Collected data
(* If $\mathbf A$ is a complete perfect DqRA, then $\mathbf A\cong(\mathbf A_+)^+$ as DqRAs, via the map $\psi(a)=\{j\in J^\infty(\mathbf A)\mid j\leqslant a\}$.
   Context: A DqRA is a structure $(A,\wedge,\vee,\cdot,1,\sim,-,\neg)$ with $(A,\wedge,\vee)$ a distributive lattice, $(A,\cdot,1)$ a monoid, $a\cdot b\leqslant c\iff a\leqslant -(b\cdot{\sim}c)\iff b\leqslant{\sim}(-c\cdot a)$, $\neg\neg a=a$, $\neg(a\wedge b)=\neg a\vee\neg b$, and $\neg(a\cdot b)=\neg a+\neg b$ where $a+b=-({\sim}b\cdot{\sim}a)$. Complete perfect: complete, every element the join of completely join-irreducibles ($J^\infty(\mathbf A)$) below it and meet of completely meet-irreducibles above it. $\kappa(j)=\bigvee\{a\mid j\not\leqslant a\}$. $\mathbf A_+=(J^\infty(\mathbf A),I_1,\preccurlyeq,\circ,{}^\sim,{}^-,{}^\neg)$ with $I_1=\{i\in J^\infty(\mathbf A)\mid i\leqslant1\}$, $a\preccurlyeq b$ iff $b\leqslant a$, $c\in a\circ b$ iff $c\leqslant a\cdot b$, $a^\sim={\sim}\kappa(a)$, $a^-=-\kappa(a)$, $a^\neg=\neg\kappa(a)$. For such a structure $\mathbb W=(W,I,\preccurlyeq,\circ,{}^\sim,{}^-,{}^\neg)$, $\mathbb W^+=(\mathsf{Up}(W,\preccurlyeq),\cap,\cup,\circ,I,\sim,-,\neg)$ where $\mathsf{Up}$ is the set of upsets, $U\circ V=\bigcup\{x\circ y\mid x\in U,y\in V\}$, ${\sim}U=\{w\mid w^-\notin U\}$, $-U=\{w\mid w^\sim\notin U\}$, $\neg U=\{w\mid w^\neg\notin U\}$. *)

theory Defs
  imports Main
begin

text \<open>A DqRA on a lattice carried by a type 'a (lattice operations = the
type-class inf/sup/order), with monoid (mult, e), residual-type negations
tld (the tilde), mn (the minus) and the involution ng.\<close>

definition dq_plus :: "('a \<Rightarrow> 'a \<Rightarrow> 'a) \<Rightarrow> ('a \<Rightarrow> 'a) \<Rightarrow> ('a \<Rightarrow> 'a) \<Rightarrow> 'a \<Rightarrow> 'a \<Rightarrow> 'a" where
  "dq_plus mult tld mn a b = mn (mult (tld b) (tld a))"

definition DqRA :: "('a::lattice \<Rightarrow> 'a \<Rightarrow> 'a) \<Rightarrow> 'a \<Rightarrow> ('a \<Rightarrow> 'a) \<Rightarrow> ('a \<Rightarrow> 'a) \<Rightarrow> ('a \<Rightarrow> 'a) \<Rightarrow> bool" where
  "DqRA mult e tld mn ng \<longleftrightarrow>
     (\<forall>a b c::'a. inf a (sup b c) = sup (inf a b) (inf a c)) \<and>
     (\<forall>a b c. mult (mult a b) c = mult a (mult b c)) \<and>
     (\<forall>a. mult e a = a \<and> mult a e = a) \<and>
     (\<forall>a b c. (mult a b \<le> c \<longleftrightarrow> a \<le> mn (mult b (tld c))) \<and>
              (mult a b \<le> c \<longleftrightarrow> b \<le> tld (mult (mn c) a))) \<and>
     (\<forall>a. ng (ng a) = a) \<and>
     (\<forall>a b. ng (inf a b) = sup (ng a) (ng b)) \<and>
     (\<forall>a b. ng (mult a b) = dq_plus mult tld mn (ng a) (ng b))"

definition cjirr :: "'a::complete_lattice \<Rightarrow> bool" where
  "cjirr j \<longleftrightarrow> (\<forall>S. j = Sup S \<longrightarrow> j \<in> S)"

definition cmirr :: "'a::complete_lattice \<Rightarrow> bool" where
  "cmirr m \<longleftrightarrow> (\<forall>S. m = Inf S \<longrightarrow> m \<in> S)"

definition Jinf :: "'a::complete_lattice set" where
  "Jinf = {j. cjirr j}"

definition perfect_lattice :: "'a::complete_lattice itself \<Rightarrow> bool" where
  "perfect_lattice _ \<longleftrightarrow>
     (\<forall>a::'a. a = Sup {j. cjirr j \<and> j \<le> a} \<and> a = Inf {m. cmirr m \<and> a \<le> m})"

definition kappa :: "'a::complete_lattice \<Rightarrow> 'a" where
  "kappa j = Sup {a. \<not> j \<le> a}"

text \<open>The frame A_+ = (Jinf, I_1, \<preccurlyeq>, \<circ>, ^\<sim>, ^-, ^\<not>).\<close>

definition plus_le :: "'a::complete_lattice \<Rightarrow> 'a \<Rightarrow> bool" where
  "plus_le a b \<longleftrightarrow> b \<le> a"

definition plus_I :: "'a::complete_lattice \<Rightarrow> 'a set" where
  "plus_I e = {i \<in> Jinf. i \<le> e}"

definition plus_comp :: "('a::complete_lattice \<Rightarrow> 'a \<Rightarrow> 'a) \<Rightarrow> 'a \<Rightarrow> 'a \<Rightarrow> 'a set" where
  "plus_comp mult a b = {c \<in> Jinf. c \<le> mult a b}"

definition plus_un :: "('a::complete_lattice \<Rightarrow> 'a) \<Rightarrow> 'a \<Rightarrow> 'a" where
  "plus_un f a = f (kappa a)"

text \<open>Complex algebra W^+ of a frame (W, I, r, comp, ...), on upsets.\<close>

definition Up :: "'w set \<Rightarrow> ('w \<Rightarrow> 'w \<Rightarrow> bool) \<Rightarrow> 'w set set" where
  "Up W r = {U. U \<subseteq> W \<and> (\<forall>x\<in>U. \<forall>y\<in>W. r x y \<longrightarrow> y \<in> U)}"

definition cx_comp :: "('w \<Rightarrow> 'w \<Rightarrow> 'w set) \<Rightarrow> 'w set \<Rightarrow> 'w set \<Rightarrow> 'w set" where
  "cx_comp cmp U V = \<Union>{cmp x y | x y. x \<in> U \<and> y \<in> V}"

definition cx_neg :: "'w set \<Rightarrow> ('w \<Rightarrow> 'w) \<Rightarrow> 'w set \<Rightarrow> 'w set" where
  "cx_neg W f U = {w \<in> W. f w \<notin> U}"

definition psi :: "'a::complete_lattice \<Rightarrow> 'a set" where
  "psi a = {j \<in> Jinf. j \<le> a}"

end

theory Submission
  imports Defs
begin

text \<open>Let j be completely join-irreducible in the perfect distributive lattice. The join of
the elements strictly below j is not above j, so some completely meet-irreducible m lies above it
but not above j; m is meet-prime by distributivity, hence every a with \<open>j \<not>\<le> a\<close> lies below m.
Thus \<open>\<kappa> j \<le> m\<close> is the largest element not above j, j is completely join-prime, and \<open>\<psi>\<close> is
a lattice isomorphism onto the upsets of \<open>J\<^sup>\<infinity>\<close>. Residuation makes multiplication preserve
joins in each argument, so a join-prime below \<open>a \<cdot> b\<close> lies below some \<open>x \<cdot> y\<close> with x, y
join-irreducibles below a and b. Each negation f is a dual order automorphism with inverse g;
it maps the meet-irreducible \<open>\<kappa> j\<close> to the join-irreducible \<open>g (\<kappa> j)\<close>, and
\<open>j \<le> f a\<close> iff \<open>f a \<not>\<le> \<kappa> j\<close> iff \<open>g (\<kappa> j) \<not>\<le> a\<close>.\<close>

lemma cmirr_meet_prime:
  fixes m :: "'a::complete_lattice"
  assumes D: "\<And>x y z::'a. inf x (sup y z) = sup (inf x y) (inf x z)"
    and m: "cmirr m" and le: "inf a b \<le> m"
  shows "a \<le> m \<or> b \<le> m"
proof -
  have "m = sup m (inf a b)" using le by (simp add: sup_absorb1)
  also have "\<dots> = inf (sup m a) (sup m b)" by (rule distrib_imp1[OF D])
  also have "\<dots> = Inf {sup m a, sup m b}" by simp
  finally have "m \<in> {sup m a, sup m b}" using m unfolding cmirr_def by blast
  thus ?thesis by (metis insert_iff singletonD sup.absorb_iff1)
qed

lemma not_le_kappa:
  fixes j :: "'a::complete_lattice"
  assumes D: "\<And>x y z::'a. inf x (sup y z) = sup (inf x y) (inf x z)"
    and P: "perfect_lattice TYPE('a)" and j: "cjirr j"
  shows "\<not> j \<le> kappa j"
proof -
  define below where "below = Sup {k. cjirr k \<and> k < j}"
  have "below \<noteq> j"
  proof
    assume "below = j"
    hence "j \<in> {k. cjirr k \<and> k < j}" using j unfolding cjirr_def below_def by (metis (lifting))
    thus False by simp
  qed
  moreover have "below \<le> j" unfolding below_def by (auto intro: Sup_least)
  ultimately have "\<not> j \<le> below" by simp
  moreover have "below = Inf {m. cmirr m \<and> below \<le> m}"
    using P unfolding perfect_lattice_def by blast
  ultimately obtain m where m: "cmirr m" "below \<le> m" "\<not> j \<le> m"
    by (metis (mono_tags, lifting) le_Inf_iff mem_Collect_eq)
  have "kappa j \<le> m" unfolding kappa_def
  proof (rule Sup_least)
    fix a assume "a \<in> {a. \<not> j \<le> a}"
    hence na: "\<not> j \<le> a" by simp
    have "inf j a = Sup {k. cjirr k \<and> k \<le> inf j a}"
      using P unfolding perfect_lattice_def by blast
    also have "\<dots> \<le> below" unfolding below_def
    proof (rule Sup_mono, safe)
      fix k assume k: "cjirr k" "k \<le> inf j a"
      have "k \<le> j" using k by simp
      moreover have "k \<noteq> j" using k na by (metis le_inf_iff)
      ultimately have "k < j" by simp
      thus "\<exists>b\<in>{k. cjirr k \<and> k < j}. k \<le> b" using k by blast
    qed
    finally have "inf j a \<le> m" using m by simp
    thus "a \<le> m" using cmirr_meet_prime[OF D m(1)] m(3) by blast
  qed
  thus ?thesis using m(3) by (metis order_trans)
qed

lemma le_kappa_iff:
  fixes j :: "'a::complete_lattice"
  assumes D: "\<And>x y z::'a. inf x (sup y z) = sup (inf x y) (inf x z)"
    and P: "perfect_lattice TYPE('a)" and j: "cjirr j"
  shows "a \<le> kappa j \<longleftrightarrow> \<not> j \<le> a"
proof
  assume "a \<le> kappa j"
  thus "\<not> j \<le> a" using not_le_kappa[OF D P j] by (metis order_trans)
next
  assume "\<not> j \<le> a"
  thus "a \<le> kappa j" unfolding kappa_def by (simp add: Sup_upper)
qed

▶ [Task statement] All lines from the one containing "proof (rule Sup_least)" through the end of the data, and no others, are to be given again word for word.

▶ [Exercise answer]
  proof (rule Sup_least)
    fix a assume "a \<in> {a. \<not> j \<le> a}"
    hence na: "\<not> j \<le> a" by simp
    have "inf j a = Sup {k. cjirr k \<and> k \<le> inf j a}"
      using P unfolding perfect_lattice_def by blast
    also have "\<dots> \<le> below" unfolding below_def
    proof (rule Sup_mono, safe)
      fix k assume k: "cjirr k" "k \<le> inf j a"
      have "k \<le> j" using k by simp
      moreover have "k \<noteq> j" using k na by (metis le_inf_iff)
      ultimately have "k < j" by simp
      thus "\<exists>b\<in>{k. cjirr k \<and> k < j}. k \<le> b" using k by blast
    qed
    finally have "inf j a \<le> m" using m by simp
    thus "a \<le> m" using cmirr_meet_prime[OF D m(1)] m(3) by blast
  qed
  thus ?thesis using m(3) by (metis order_trans)
qed

lemma le_kappa_iff:
  fixes j :: "'a::complete_lattice"
  assumes D: "\<And>x y z::'a. inf x (sup y z) = sup (inf x y) (inf x z)"
    and P: "perfect_lattice TYPE('a)" and j: "cjirr j"
  shows "a \<le> kappa j \<longleftrightarrow> \<not> j \<le> a"
proof
  assume "a \<le> kappa j"
  thus "\<not> j \<le> a" using not_le_kappa[OF D P j] by (metis order_trans)
next
  assume "\<not> j \<le> a"
  thus "a \<le> kappa j" unfolding kappa_def by (simp add: Sup_upper)
qed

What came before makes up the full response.